A woman's place is in the struggle: 40% less visible

November 17, 1993
Issue 

France's macho internal security minister, Nicholas Sarkozy, is currently braying that his government's re-criminalisation of soliciting last year, has reduced the number of prostitutes on French streets by 40%. French law defines soliciting as publicly inciting another person by any means, including by clothing or attitude, to have sexual intercourse, in exchange for financial remuneration or a promise of such remuneration.

Marie-Line Champin of the prostitutes advocacy group Bus des Femmes, disagrees with Sarkovy's claim. "They've moved off the main boulevards and into more secluded spots — the woods, garages, massage parlours. They may be 40% less visible, but there certainly aren't 40% fewer", she told Le Monde on January 14.

A report commissioned by the Paris city council and released last month, also challenges Sarkozy's boast. It concluded, from research conducted among Paris prostitutes, that the law has simply driven prostitution underground.

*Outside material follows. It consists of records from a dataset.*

(* Let $\delta\in(0,1)$, $\epsilon\in\mathbb{R}$, $\sigma>0$, and let $R:\mathcal{S}\times\mathcal{W}\to\mathbb{R}^+$, $(s,w)\mapsto R_{s,w}$, satisfy $R_{\max}:=\sup_{s,w}R_{s,w}<\infty$. Suppose the learning algorithm $\mathcal{A}$ is $(R_{S,W},\epsilon,\delta;d_m)$-compressible, and that for every $w\in\mathcal{W}$ the random variable $\ell(Z,w)$, $Z\sim\mu$, is $\sigma$-subgaussian. Then, with probability at least $1-\delta$ over $(S,W)\sim P_{S,W}$, $$\mathrm{gen}(S,W)\le \sqrt{\frac{4\sigma^2\big(R_{S,W}+\log(\sqrt{2n}/\delta)\big)}{2n-1}+\epsilon}.$$
   Context: Setup: $\mathcal{Z}$ is a data space, $\mathcal{W}$ a hypothesis space, $\ell:\mathcal{Z}\times\mathcal{W}\to\mathbb{R}^+$ a loss, $\mu$ an unknown distribution on $\mathcal{Z}$, and $S=(Z_1,\dots,Z_n)\sim P_S=\mu^{\otimes n}$ a training set in $\mathcal{S}=\mathcal{Z}^n$. A (possibly stochastic) algorithm $\mathcal{A}$ outputs $W=\mathcal{A}(S)\in\mathcal{W}$, inducing a conditional $P_{W|S}$ and joint $P_{S,W}$. Population risk $\mathcal{L}(w)=\mathbb{E}_{Z\sim\mu}[\ell(Z,w)]$, empirical risk $\hat{\mathcal{L}}(s,w)=\frac1n\sum_{i=1}^n\ell(z_i,w)$, generalization error $\mathrm{gen}(s,w)=\mathcal{L}(w)-\hat{\mathcal{L}}(s,w)$. All logarithms are natural. A real random variable $X$ is $\sigma$-subgaussian if $\log\mathbb{E}[e^{\lambda(X-\mathbb{E}X)}]\le\lambda^2\sigma^2/2$ for all $\lambda\in\mathbb{R}$. Fix a set $\hat{\mathcal{W}}\subseteq\mathcal{W}$. Distortion: $d(w,\hat w;s)=\mathrm{gen}(s,w)^2-\mathrm{gen}(s,\hat w)^2$, and for $s^m=(s_1,\dots,s_m)$, $w^m$, $\hat w^m$, $d_m(w^m,\hat w^m;s^m)=\frac1m\sum_{i=1}^m d(w_i,\hat w_i;s_i)$. $\mathbb{P}_{(S,W)^{\otimes m}}$ denotes probability when $(S_i,W_i)$, $i\in[m]$, are i.i.d. $\sim P_{S,W}$. Variable-size compressibility: $\mathcal{A}$ is $(R_{S,W},\epsilon,\delta;d_m)$-compressible (for $R$ as in the claim, $\epsilon\in\mathbb{R}$, $\delta>0$) if there exists a sequence of hypothesis books $\mathcal{H}_m=\{\hat{\mathbf{w}}[j]: j\in[\lfloor e^{mR_{\max}}\rfloor]\}\subseteq\hat{\mathcal{W}}^m$, $m\in\mathbb{N}$, such that $$\liminf_{m\to\infty}\Big[-\frac1m\log\mathbb{P}_{(S,W)^{\otimes m}}\Big(\min_{j\le e^{\sum_{i=1}^m R_{S_i,W_i}}} d_m(W^m,\hat{\mathbf{w}}[j];S^m)>\epsilon\Big)\Big]\ge\log(1/\delta).$$ *)

theory Defs
  imports "HOL-Probability.Probability"
begin
(* A topological space $X$ is openly irresolvable if and only if the formula $\Diamond^*(\Box^*\varphi\lor\Box^*\neg\varphi)$ is $d$-valid in $X$ for every modal formula $\varphi$.
   Context: $\Diamond^*\psi$ abbreviates $\psi\lor\Diamond\psi$ and $\Box^*\psi$ abbreviates $\psi\land\Box\psi$. $d$-semantics: a model on a space $X$ is a valuation of propositional variables by subsets of $X$; truth sets $\mathcal{M}_d(\varphi)$ interpret Boolean connectives as set operations, $\mathcal{M}_d(\Diamond\varphi)=\mathrm{d}_X(\mathcal{M}_d(\varphi))$ where $\mathrm{d}_XY$ is the set of limit points of $Y$ ($x$ such that every $O-\{x\}$, $O$ an open neighbourhood of $x$, meets $Y$), and $\Box=\neg\Diamond\neg$. A formula is $d$-valid in $X$ if its truth set is $X$ in every model on $X$. A space is resolvable if it has two disjoint non-empty dense subsets, irresolvable otherwise; $X$ is openly irresolvable if every non-empty open subspace of $X$ is irresolvable. *)

theory Defs
  imports "HOL-Analysis.Analysis"
begin

datatype fm = Var nat | Bot | Neg fm | Conj fm fm | Disj fm fm | Dia fm

definition Box :: "fm \<Rightarrow> fm" where
  "Box \<phi> = Neg (Dia (Neg \<phi>))"

definition DiaStar :: "fm \<Rightarrow> fm" where
  "DiaStar \<psi> = Disj \<psi> (Dia \<psi>)"

definition BoxStar :: "fm \<Rightarrow> fm" where
  "BoxStar \<psi> = Conj \<psi> (Box \<psi>)"

primrec dtruth :: "'a topology \<Rightarrow> (nat \<Rightarrow> 'a set) \<Rightarrow> fm \<Rightarrow> 'a set" where
  "dtruth X V (Var p) = V p \<inter> topspace X"
| "dtruth X V Bot = {}"
| "dtruth X V (Neg \<phi>) = topspace X - dtruth X V \<phi>"
| "dtruth X V (Conj \<phi> \<psi>) = dtruth X V \<phi> \<inter> dtruth X V \<psi>"
| "dtruth X V (Disj \<phi> \<psi>) = dtruth X V \<phi> \<union> dtruth X V \<psi>"
| "dtruth X V (Dia \<phi>) = X derived_set_of (dtruth X V \<phi>)"

definition d_valid :: "'a topology \<Rightarrow> fm \<Rightarrow> bool" where
  "d_valid X \<phi> \<longleftrightarrow> (\<forall>V. (\<forall>p. V p \<subseteq> topspace X) \<longrightarrow> dtruth X V \<phi> = topspace X)"

definition resolvable :: "'a topology \<Rightarrow> bool" where
  "resolvable X \<longleftrightarrow> (\<exists>A B. A \<subseteq> topspace X \<and> B \<subseteq> topspace X \<and> A \<inter> B = {} \<and>
      A \<noteq> {} \<and> B \<noteq> {} \<and> X closure_of A = topspace X \<and> X closure_of B = topspace X)"

definition irresolvable :: "'a topology \<Rightarrow> bool" where
  "irresolvable X \<longleftrightarrow> \<not> resolvable X"

definition openly_irresolvable :: "'a topology \<Rightarrow> bool" where
  "openly_irresolvable X \<longleftrightarrow>
     (\<forall>U. openin X U \<and> U \<noteq> {} \<longrightarrow> irresolvable (subtopology X U))"

end

theory Submission
  imports Defs
begin

text \<open>Both conditions say that for every \<open>A\<close> the open set
  \<open>int A \<union> int (X - A)\<close>, on which \<open>A\<close> is locally decided, is dense.
  For the formula this is just the d-semantics: \<open>\<Box>\<^sup>*\<close> and \<open>\<Diamond>\<^sup>*\<close> are interior
  and closure. For open irresolvability, a non-empty open \<open>U\<close> missing that set
  is exactly one on which both \<open>A\<close> and its complement are dense, i.e. one
  whose subspace is resolvable.\<close>

lemma resolvable_iff_dense_complement:
  "resolvable X \<longleftrightarrow> topspace X \<noteq> {} \<and>
     (\<exists>A. X closure_of A = topspace X \<and> X closure_of (topspace X - A) = topspace X)"
proof
  assume "resolvable X"
  then obtain A B where "A \<subseteq> topspace X" "B \<subseteq> topspace X" "A \<noteq> {}" "A \<inter> B = {}"
    and dense: "X closure_of A = topspace X" "X closure_of B = topspace X"
    unfolding resolvable_def by blast
  then have "B \<subseteq> topspace X - A"
    by blast
  then have "X closure_of (topspace X - A) = topspace X"
    using closure_of_mono[of B "topspace X - A" X] dense(2) closure_of_subset_topspace
    by (metis subset_antisym)
  with dense(1) \<open>A \<subseteq> topspace X\<close> \<open>A \<noteq> {}\<close> show "topspace X \<noteq> {} \<and>
     (\<exists>A. X closure_of A = topspace X \<and> X closure_of (topspace X - A) = topspace X)"
    by blast
next
  assume "topspace X \<noteq> {} \<and>
     (\<exists>A. X closure_of A = topspace X \<and> X closure_of (topspace X - A) = topspace X)"
  then obtain A where "topspace X \<noteq> {}"
    and dense: "X closure_of (topspace X \<inter> A) = topspace X" "X closure_of (topspace X - A) = topspace X"
    using closure_of_restrict by metis
  then have "topspace X \<inter> A \<noteq> {}" "topspace X - A \<noteq> {}"
    by (metis closure_of_empty)+
  with dense show "resolvable X"
    unfolding resolvable_def
    by (intro exI[of _ "topspace X \<inter> A"] exI[of _ "topspace X - A"] conjI) auto
qed

lemma resolvable_open_subtopology_iff:
  assumes U: "openin X U" and "U \<noteq> {}"
  shows "resolvable (subtopology X U) \<longleftrightarrow>
           (\<exists>A. U \<inter> (X interior_of A \<union> X interior_of (topspace X - A)) = {})"
proof -
  have U_sub: "U \<subseteq> topspace X"
    using U openin_subset by blast
  have top_sub: "topspace (subtopology X U) = U"
    using U_sub by auto
  have dense_sub: "subtopology X U closure_of S = U \<longleftrightarrow> U \<subseteq> X closure_of S" for S
    by (auto simp: closure_of_subtopology_open[OF disjI1[OF U]])
  have dense_iff: "U \<subseteq> X closure_of S \<longleftrightarrow> U \<inter> X interior_of (topspace X - S) = {}" for S
    using U_sub by (auto simp: closure_of_interior_of)
  have restrict: "U \<inter> (topspace X - A) = U - A" for A
    using U_sub by blast
  have "U \<inter> X closure_of (topspace X - A) = U \<inter> X closure_of (U - A)" for A
    using openin_Int_closure_of_eq[OF U, of "topspace X - A"] by (simp only: restrict)
  then have local_complement:
    "U \<subseteq> X closure_of (U - A) \<longleftrightarrow> U \<subseteq> X closure_of (topspace X - A)" for A
    by (metis le_iff_inf)
  have "resolvable (subtopology X U) \<longleftrightarrow>
      (\<exists>A. U \<subseteq> X closure_of A \<and> U \<subseteq> X closure_of (topspace X - A))"
    unfolding resolvable_iff_dense_complement top_sub dense_sub local_complement
    using assms(2) by simp
  also have "\<dots> \<longleftrightarrow> (\<exists>A. U \<inter> X interior_of (topspace X - A) = {} \<and>
                         U \<inter> X interior_of (topspace X - (topspace X - A)) = {})"
    by (simp only: dense_iff)
  also have "\<dots> \<longleftrightarrow> (\<exists>A. U \<inter> (X interior_of A \<union> X interior_of (topspace X - A)) = {})"
    by (simp add: Diff_Diff_Int Int_Un_distrib flip: interior_of_restrict) blast
  finally show ?thesis .
qed

lemma openly_irresolvable_iff_dense_interiors:
  "openly_irresolvable X \<longleftrightarrow>
     (\<forall>A. X closure_of (X interior_of A \<union> X interior_of (topspace X - A)) = topspace X)"
proof -
  have "openly_irresolvable X \<longleftrightarrow> (\<forall>U. openin X U \<and> U \<noteq> {} \<longrightarrow>
          (\<forall>A. (X interior_of A \<union> X interior_of (topspace X - A)) \<inter> U \<noteq> {}))"
    unfolding openly_irresolvable_def irresolvable_def
    by (simp add: resolvable_open_subtopology_iff Int_commute)
  then show ?thesis
    unfolding dense_intersects_open by blast
qed

lemma dtruth_subset_topspace: "dtruth X V \<phi> \<subseteq> topspace X"
  by (induction \<phi>) (auto simp: derived_set_of_subset_topspace)

lemma dtruth_BoxStar: "dtruth X V (BoxStar \<phi>) = X interior_of dtruth X V \<phi>"
  using dtruth_subset_topspace[of X V \<phi>]
  by (auto simp: BoxStar_def Box_def interior_of_closure_of closure_of_alt)

lemma dtruth_DiaStar: "dtruth X V (DiaStar \<phi>) = X closure_of dtruth X V \<phi>"
  using dtruth_subset_topspace[of X V \<phi>]
  by (auto simp: DiaStar_def closure_of_alt)

lemma dtruth_DiaStar_Disj_BoxStar:
  "dtruth X V (DiaStar (Disj (BoxStar \<phi>) (BoxStar (Neg \<phi>)))) =
     X closure_of (X interior_of dtruth X V \<phi> \<union> X interior_of (topspace X - dtruth X V \<phi>))"
  by (simp only: dtruth_DiaStar dtruth_BoxStar dtruth.simps)

lemma d_valid_DiaStar_Disj_BoxStar_iff_dense_interiors:
  "(\<forall>\<phi>. d_valid X (DiaStar (Disj (BoxStar \<phi>) (BoxStar (Neg \<phi>))))) \<longleftrightarrow>
     (\<forall>A. X closure_of (X interior_of A \<union> X interior_of (topspace X - A)) = topspace X)"
proof (intro iffI allI)
  fix A
  let ?V = "\<lambda>_. topspace X \<inter> A"
  assume "\<forall>\<phi>. d_valid X (DiaStar (Disj (BoxStar \<phi>) (BoxStar (Neg \<phi>))))"
  then have "dtruth X ?V (DiaStar (Disj (BoxStar (Var 0)) (BoxStar (Neg (Var 0))))) = topspace X"
    unfolding d_valid_def by (metis inf_le1)
  moreover have "dtruth X ?V (Var 0) = topspace X \<inter> A"
    by auto
  moreover have "topspace X - topspace X \<inter> A = topspace X - A"
    by blast
  ultimately show "X closure_of (X interior_of A \<union> X interior_of (topspace X - A)) = topspace X"
    unfolding dtruth_DiaStar_Disj_BoxStar by (simp only: interior_of_restrict[symmetric])
next
  fix \<phi>
  assume "\<forall>A. X closure_of (X interior_of A \<union> X interior_of (topspace X - A)) = topspace X"
  then show "d_valid X (DiaStar (Disj (BoxStar \<phi>) (BoxStar (Neg \<phi>))))"
    unfolding d_valid_def dtruth_DiaStar_Disj_BoxStar by blast
qed

theorem lemma7:
  fixes X :: "'a topology"
  shows "openly_irresolvable X \<longleftrightarrow>
           (\<forall>\<phi>. d_valid X (DiaStar (Disj (BoxStar \<phi>) (BoxStar (Neg \<phi>)))))"
  by (simp only: openly_irresolvable_iff_dense_interiors
      d_valid_DiaStar_Disj_BoxStar_iff_dense_interiors)

end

The report found that many prostitutes now work in the early morning, when most Parisians are sleeping and the streets are empty, or conduct their business in increasingly isolated and deserted spots such as car parks and waste grounds. The inevitable result is that violence from their customers is on the rise. Paris residents no longer see what is happening, which is making "respectable" Parisian residents' groups very happy and young prostitutes very vulnerable.

The report also indicated an increase in police harassment and violence against prostitutes since the introduction of the new law. African women have been particularly targeted and the report contains graphic stories of physical abuse and racist humiliation by police and "confiscation" of money, drugs and condoms.

One woman reported being forced to do the housework in a Parisian police station, another says she was detained by police for four days without food or drink. Police officers are reportedly taking full advantage of the opportunity to demand free sexual services under the threat of criminal charges and deportation.

France's internal security act, passed last year, is a package of laws targeted at the poor and socially excluded, particularly "foreigners". Prostitutes, beggars, street entertainers, gypsies and the "suspiciously handicapped" are now in the sights of Sarkozy's intrepid internal security flying squads, determined to sweep the streets and "protect the borders".

Since the fall of the Berlin Wall, the wars in the Balkans and the formation of the European Union (under which citizens of the 15 member states are permitted reciprocal rights to work), waves of desperate people have flocked to wealthy western Europe from the countries of eastern Europe (Bulgaria, Romania, Moldavia, Yugoslavia, Kosova, Russia) and from African countries such as Sierra Leone and Nigeria.

Sarkozy's law is not directed primarily against prostitution (France has a long history of legalised prostitution), but clandestine immigration.

According to the French Communist Party's daily, L'Humanite, of the 15,000 to 18,000 prostitutes in France, nearly 70% are foreign.

This has enabled Sarkozy to pose as a righteous opponent of the trafficking of young girls by swarthy criminals. In his speech to the French National Assembly when his bill was debated in March 2003, he exhorted MPs to think only of the young women's welfare: "If we want to stop this enslavement of foreign prostitutes, we must organise their return in their country of origin. In their country, in their family, they will be able to find a normal life, to leave the odious control to which they are subjected. On our premises, without exception, they are condemned to remain exploited with the hands of the procurers."

French feminists and socialists organised large demonstrations in 2003 against Sarkozy's war on the poor and his reliance on the French brand of not-in-my-backyard-ism. The campaign continues with the current ridicule of his absurd claim of a 40% reduction in prostitution.

Prostitution will only be reduced by a proportionate reduction in poverty and gender inequality.

Karen Fletcher

From Green Left Weekly, February 25, 2004.